* **Record set**:
lemma directed_finite_sums:
  assumes "finite_sums_defined add z g I"
  shows "directed_set (\<preceq>) (finite_sums add z g I)"
  unfolding directed_set_def
proof (intro conjI ballI)
  have "has_fsum add z g {} z"
    by (rule has_fsum.fsum_empty)
  then show "finite_sums add z g I \<noteq> {}"
    unfolding finite_sums_def by auto
  fix a b
  assume "a \<in> finite_sums add z g I" and "b \<in> finite_sums add z g I"
  then obtain Fa Fb where F: "finite Fa" "Fa \<subseteq> I" "has_fsum add z g Fa a"
    "finite Fb" "Fb \<subseteq> I" "has_fsum add z g Fb b"
    unfolding finite_sums_def by blast
  then obtain c where c: "has_fsum add z g (Fa \<union> Fb) c"
    using assms unfolding finite_sums_defined_def by (meson finite_UnI le_sup_iff)
  have "a \<preceq> c"
    using has_fsum_subset_le[OF c, of Fa] has_fsum_unique F(3) by blast
  moreover have "b \<preceq> c"
    using has_fsum_subset_le[OF c, of Fb] has_fsum_unique F(6) by blast
  moreover have "c \<in> finite_sums add z g I"
    unfolding finite_sums_def using c F by auto
  ultimately show "\<exists>c\<in>finite_sums add z g I. a \<preceq> c \<and> b \<preceq> c"
    by blast
qed

lemma has_psum_exists_iff:
  "(\<exists>s. has_psum UNIV (\<preceq>) add z g I s) \<longleftrightarrow> finite_sums_defined add z g I"
  using directed_has_lub[OF directed_finite_sums] unfolding has_psum_iff by blast

lemma has_psum_exists_if_le:
  assumes b: "has_psum UNIV (\<preceq>) add z b I t" and le: "\<And>i. i \<in> I \<Longrightarrow> a i \<preceq> b i"
  shows "\<exists>s. has_psum UNIV (\<preceq>) add z a I s"
  unfolding has_psum_exists_iff finite_sums_defined_def
proof (intro allI impI)
  fix F
  assume F: "finite F \<and> F \<subseteq> I"
  then obtain tb where tb: "has_fsum add z b F tb"
    using b unfolding has_psum_iff finite_sums_defined_def by blast
  have "a i \<preceq> b i" if "i \<in> F" for i
    using le F that by auto
  then show "\<exists>t. has_fsum add z a F t"
    using has_fsum_mono[OF tb] by blast
qed

lemma has_psum_mono:
  assumes le: "\<And>i. i \<in> I \<Longrightarrow> a i \<preceq> b i"
    and a: "has_psum UNIV (\<preceq>) add z a I s" and b: "has_psum UNIV (\<preceq>) add z b I t"
  shows "s \<preceq> t"
proof (rule is_lub_on_least[of UNIV "(\<preceq>)"])
  show "is_lub_on UNIV (\<preceq>) (finite_sums add z a I) s"
    using a unfolding has_psum_iff by simp
  fix ta
  assume "ta \<in> finite_sums add z a I"
  then obtain F where F: "finite F" "F \<subseteq> I" and ta: "has_fsum add z a F ta"
    unfolding finite_sums_def by blast
  obtain tb where tb: "has_fsum add z b F tb"
    using b F unfolding has_psum_iff finite_sums_defined_def by auto
  have "a i \<preceq> b i" if "i \<in> F" for i
    using le F(2) that by auto
  then obtain ta' where ta': "has_fsum add z a F ta'" "ta' \<preceq> tb"
    using has_fsum_mono[OF tb] by blast
  have "tb \<preceq> t"
    using b F tb unfolding has_psum_iff finite_sums_def by (auto intro: is_lub_on_upper)
  then show "ta \<preceq> t"
    using has_fsum_unique[OF ta ta'(1)] le_trans[OF ta'(2)] by simp
qed simp

section \<open>Sums commute with directed suprema\<close>

lemma add_lub_defined_iff_right:
  "directed_set (\<preceq>) D \<Longrightarrow> is_lub_on UNIV (\<preceq>) D s \<Longrightarrow>
    add y s \<noteq> None \<longleftrightarrow> (\<forall>x\<in>D. add y x \<noteq> None)"
  using add_lub_defined_iff add_commute by presburger

lemma add_lub_right:
  assumes "directed_set (\<preceq>) D" and "is_lub_on UNIV (\<preceq>) D s" and "add y s = Some t"
  shows "is_lub_on UNIV (\<preceq>) {c. \<exists>x\<in>D. add y x = Some c} t"
proof -
  have "{c. \<exists>x\<in>D. add y x = Some c} = {c. \<exists>x\<in>D. add x y = Some c}"
    by (simp add: add_commute[of y])
  then show ?thesis
    using add_lub[OF assms(1,2), of y t] assms(3) add_commute[of y] by simp
qed

lemma add_lub_lub:
  assumes A: "directed_set (\<preceq>) A" "is_lub_on UNIV (\<preceq>) A P"
    and B: "directed_set (\<preceq>) B" "is_lub_on UNIV (\<preceq>) B Q"
    and defined: "\<And>a b. a \<in> A \<Longrightarrow> b \<in> B \<Longrightarrow> add a b \<noteq> None"
  shows "\<exists>t. add P Q = Some t \<and> is_lub_on UNIV (\<preceq>) {c. \<exists>a\<in>A. \<exists>b\<in>B. add a b = Some c} t"
proof -
  have "add P b \<noteq> None" if "b \<in> B" for b
    using add_lub_defined_iff[OF A, of b] defined that by simp
  then obtain t where t: "add P Q = Some t"
    using add_lub_defined_iff_right[OF B, of P] by force
  have "c \<preceq> t" if "c \<in> {c. \<exists>a\<in>A. \<exists>b\<in>B. add a b = Some c}" for c
    using that add_mono_Some[OF t is_lub_on_upper[OF A(2)] is_lub_on_upper[OF B(2)]] by force
  moreover have "t \<preceq> u" if u: "\<And>c. c \<in> {c. \<exists>a\<in>A. \<exists>b\<in>B. add a b = Some c} \<Longrightarrow> c \<preceq> u" for u
  proof (rule is_lub_on_least[OF add_lub_right[OF B t]])
    fix c
    assume "c \<in> {c. \<exists>b\<in>B. add P b = Some c}"
    then obtain b where b: "b \<in> B" "add P b = Some c"
      by blast
    show "c \<preceq> u"
      by (rule is_lub_on_least[OF add_lub[OF A b(2)]]) (use b(1) u in auto)
  qed simp
  ultimately show ?thesis
    using t unfolding is_lub_on_def by blast
qed

lemma add_lub_diagonal:
  fixes p q r :: "'x::preorder \<Rightarrow> 'a"
  assumes D: "directed_set (\<le>) D"
    and p: "monotone_on D (\<le>) (\<preceq>) p" "is_lub_on UNIV (\<preceq>) (p ` D) P"
    and q: "monotone_on D (\<le>) (\<preceq>) q" "is_lub_on UNIV (\<preceq>) (q ` D) Q"
    and r: "\<And>x. x \<in> D \<Longrightarrow> add (p x) (q x) = Some (r x)"
  shows "\<exists>t. add P Q = Some t \<and> is_lub_on UNIV (\<preceq>) (r ` D) t"
proof -
  have cross: "\<exists>x''\<in>D. \<exists>c. add (p x) (q x') = Some c \<and> c \<preceq> r x''"
    if x: "x \<in> D" and x': "x' \<in> D" for x x'
  proof -
    obtain x'' where x'': "x'' \<in> D" "x \<le> x''" "x' \<le> x''"
      using D x x' unfolding directed_set_def by blast
    have "p x \<preceq> p x''" "q x' \<preceq> q x''"
      using monotone_onD[OF p(1) x x''(1,2)] monotone_onD[OF q(1) x' x''(1,3)] .
    then show ?thesis
      using add_mono_Some[OF r[OF x''(1)]] x''(1) by blast
  qed
  have dir_p: "directed_set (\<preceq>) (p ` D)" and dir_q: "directed_set (\<preceq>) (q ` D)"
    using directed_set_image_monotone[OF D] p(1) q(1) by blast+
  have defined: "add a b \<noteq> None" if "a \<in> p ` D" "b \<in> q ` D" for a b
    using that cross by force
  obtain t where t: "add P Q = Some t"
    and lub: "is_lub_on UNIV (\<preceq>) {c. \<exists>a\<in>p ` D. \<exists>b\<in>q ` D. add a b = Some c} t"
    using add_lub_lub[OF dir_p p(2) dir_q q(2) defined] by blast
  have diagonal: "r ` D \<subseteq> {c. \<exists>a\<in>p ` D. \<exists>b\<in>q ` D. add a b = Some c}"
    using r by force
  have cofinal: "\<exists>c'\<in>r ` D. c \<preceq> c'" if "c \<in> {c. \<exists>a\<in>p ` D. \<exists>b\<in>q ` D. add a b = Some c}" for c
    using that cross by force
  have "is_lub_on UNIV (\<preceq>) (r ` D) t"
    by (rule iffD1[OF is_lub_on_cofinal_iff[OF le_trans diagonal cofinal] lub])
  then show ?thesis
    using t by blast
qed

lemma monotone_on_has_fsum:
  fixes a :: "'i \<Rightarrow> 'x::preorder \<Rightarrow> 'a"
  assumes mono: "\<And>i. i \<in> F \<Longrightarrow> monotone_on D (\<le>) (\<preceq>) (a i)"
    and p: "\<And>x. x \<in> D \<Longrightarrow> has_fsum add z (\<lambda>i. a i x) F (p x)"
  shows "monotone_on D (\<le>) (\<preceq>) p"
proof (rule monotone_onI)
  fix x x'
  assume "x \<in> D" "x' \<in> D" "x \<le> x'"
  then have "a i x \<preceq> a i x'" if "i \<in> F" for i
    using mono[OF that] unfolding monotone_on_def by blast
  then obtain t where "has_fsum add z (\<lambda>i. a i x) F t" "t \<preceq> p x'"
    using has_fsum_mono[OF p[OF \<open>x' \<in> D\<close>], of "\<lambda>i. a i x"] by blast
  then show "p x \<preceq> p x'"
    using has_fsum_unique p[OF \<open>x \<in> D\<close>] by blast
qed

lemma has_fsum_lub_image:
  fixes a :: "'i \<Rightarrow> 'x::preorder \<Rightarrow> 'a"
  assumes D: "directed_set (\<le>) D" and "finite F"
    and mono: "\<And>i. i \<in> F \<Longrightarrow> monotone_on D (\<le>) (\<preceq>) (a i)"
    and lub: "\<And>i. i \<in> F \<Longrightarrow> is_lub_on UNIV (\<preceq>) (a i ` D) (b i)"
    and p: "\<And>x. x \<in> D \<Longrightarrow> has_fsum add z (\<lambda>i. a i x) F (p x)"
  shows "\<exists>t. has_fsum add z b F t \<and> is_lub_on UNIV (\<preceq>) (p ` D) t"
  using \<open>finite F\<close> mono lub p
proof (induction F arbitrary: p rule: finite_induct)
  case empty
  then have "p ` D = {z}"
    using D unfolding directed_set_def by (auto simp: has_fsum_empty_iff)
  then show ?case
    using has_fsum.fsum_empty le_refl unfolding is_lub_on_def by fastforce
next
  case (insert i F)
  have "\<exists>s. has_fsum add z (\<lambda>j. a j x) F s \<and> add s (a i x) = Some (p x)" if "x \<in> D" for x
    using insert.prems(3)[OF that] has_fsum_insert_iff[OF insert.hyps(2)] by blast
  then obtain q where q: "\<And>x. x \<in> D \<Longrightarrow> has_fsum add z (\<lambda>j. a j x) F (q x)"
    and q_add: "\<And>x. x \<in> D \<Longrightarrow> add (q x) (a i x) = Some (p x)"
    by metis
  obtain \<sigma> where \<sigma>: "has_fsum add z b F \<sigma>" "is_lub_on UNIV (\<preceq>) (q ` D) \<sigma>"
    using insert.IH[OF _ _ q] insert.prems(1,2) by blast
  have "monotone_on D (\<le>) (\<preceq>) q"
    by (rule monotone_on_has_fsum[OF _ q]) (simp add: insert.prems(1))
  then obtain t where "add \<sigma> (b i) = Some t" "is_lub_on UNIV (\<preceq>) (p ` D) t"
    using add_lub_diagonal[OF D _ \<sigma>(2) _ _ q_add] insert.prems(1,2) by blast
  then show ?case
    using has_fsum.fsum_insert[OF \<sigma>(1) insert.hyps(2)] by blast
qed

lemma has_fsum_lub:
  fixes a :: "'i \<Rightarrow> 'x::preorder \<Rightarrow> 'a"
  assumes D: "directed_set (\<le>) D" and F: "finite F"
    and mono: "\<And>i. i \<in> F \<Longrightarrow> monotone_on D (\<le>) (\<preceq>) (a i)"
    and lub: "\<And>i. i \<in> F \<Longrightarrow> is_lub_on UNIV (\<preceq>) (a i ` D) (b i)"
    and defined: "\<And>x. x \<in> D \<Longrightarrow> \<exists>t. has_fsum add z (\<lambda>i. a i x) F t"
  shows "\<exists>t. has_fsum add z b F t \<and> is_lub_on UNIV (\<preceq>) {t. \<exists>x\<in>D. has_fsum add z (\<lambda>i. a i x) F t} t"
proof -
  obtain p where p: "\<And>x. x \<in> D \<Longrightarrow> has_fsum add z (\<lambda>i. a i x) F (p x)"
    using defined by metis
  then have "{t. \<exists>x\<in>D. has_fsum add z (\<lambda>i. a i x) F t} = p ` D"
    using has_fsum_unique by blast
  then show ?thesis
    using has_fsum_lub_image[OF D F mono lub p] by simp
qed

* **About this exercise**:
Which lines in the listing above include the string "noteq"? Copy each of them.

* **Response**:
  then show "finite_sums add z g I \<noteq> {}"
    add y s \<noteq> None \<longleftrightarrow> (\<forall>x\<in>D. add y x \<noteq> None)"
    and defined: "\<And>a b. a \<in> A \<Longrightarrow> b \<in> B \<Longrightarrow> add a b \<noteq> None"
  have "add P b \<noteq> None" if "b \<in> B" for b
  have defined: "add a b \<noteq> None" if "a \<in> p ` D" "b \<in> q ` D" for a b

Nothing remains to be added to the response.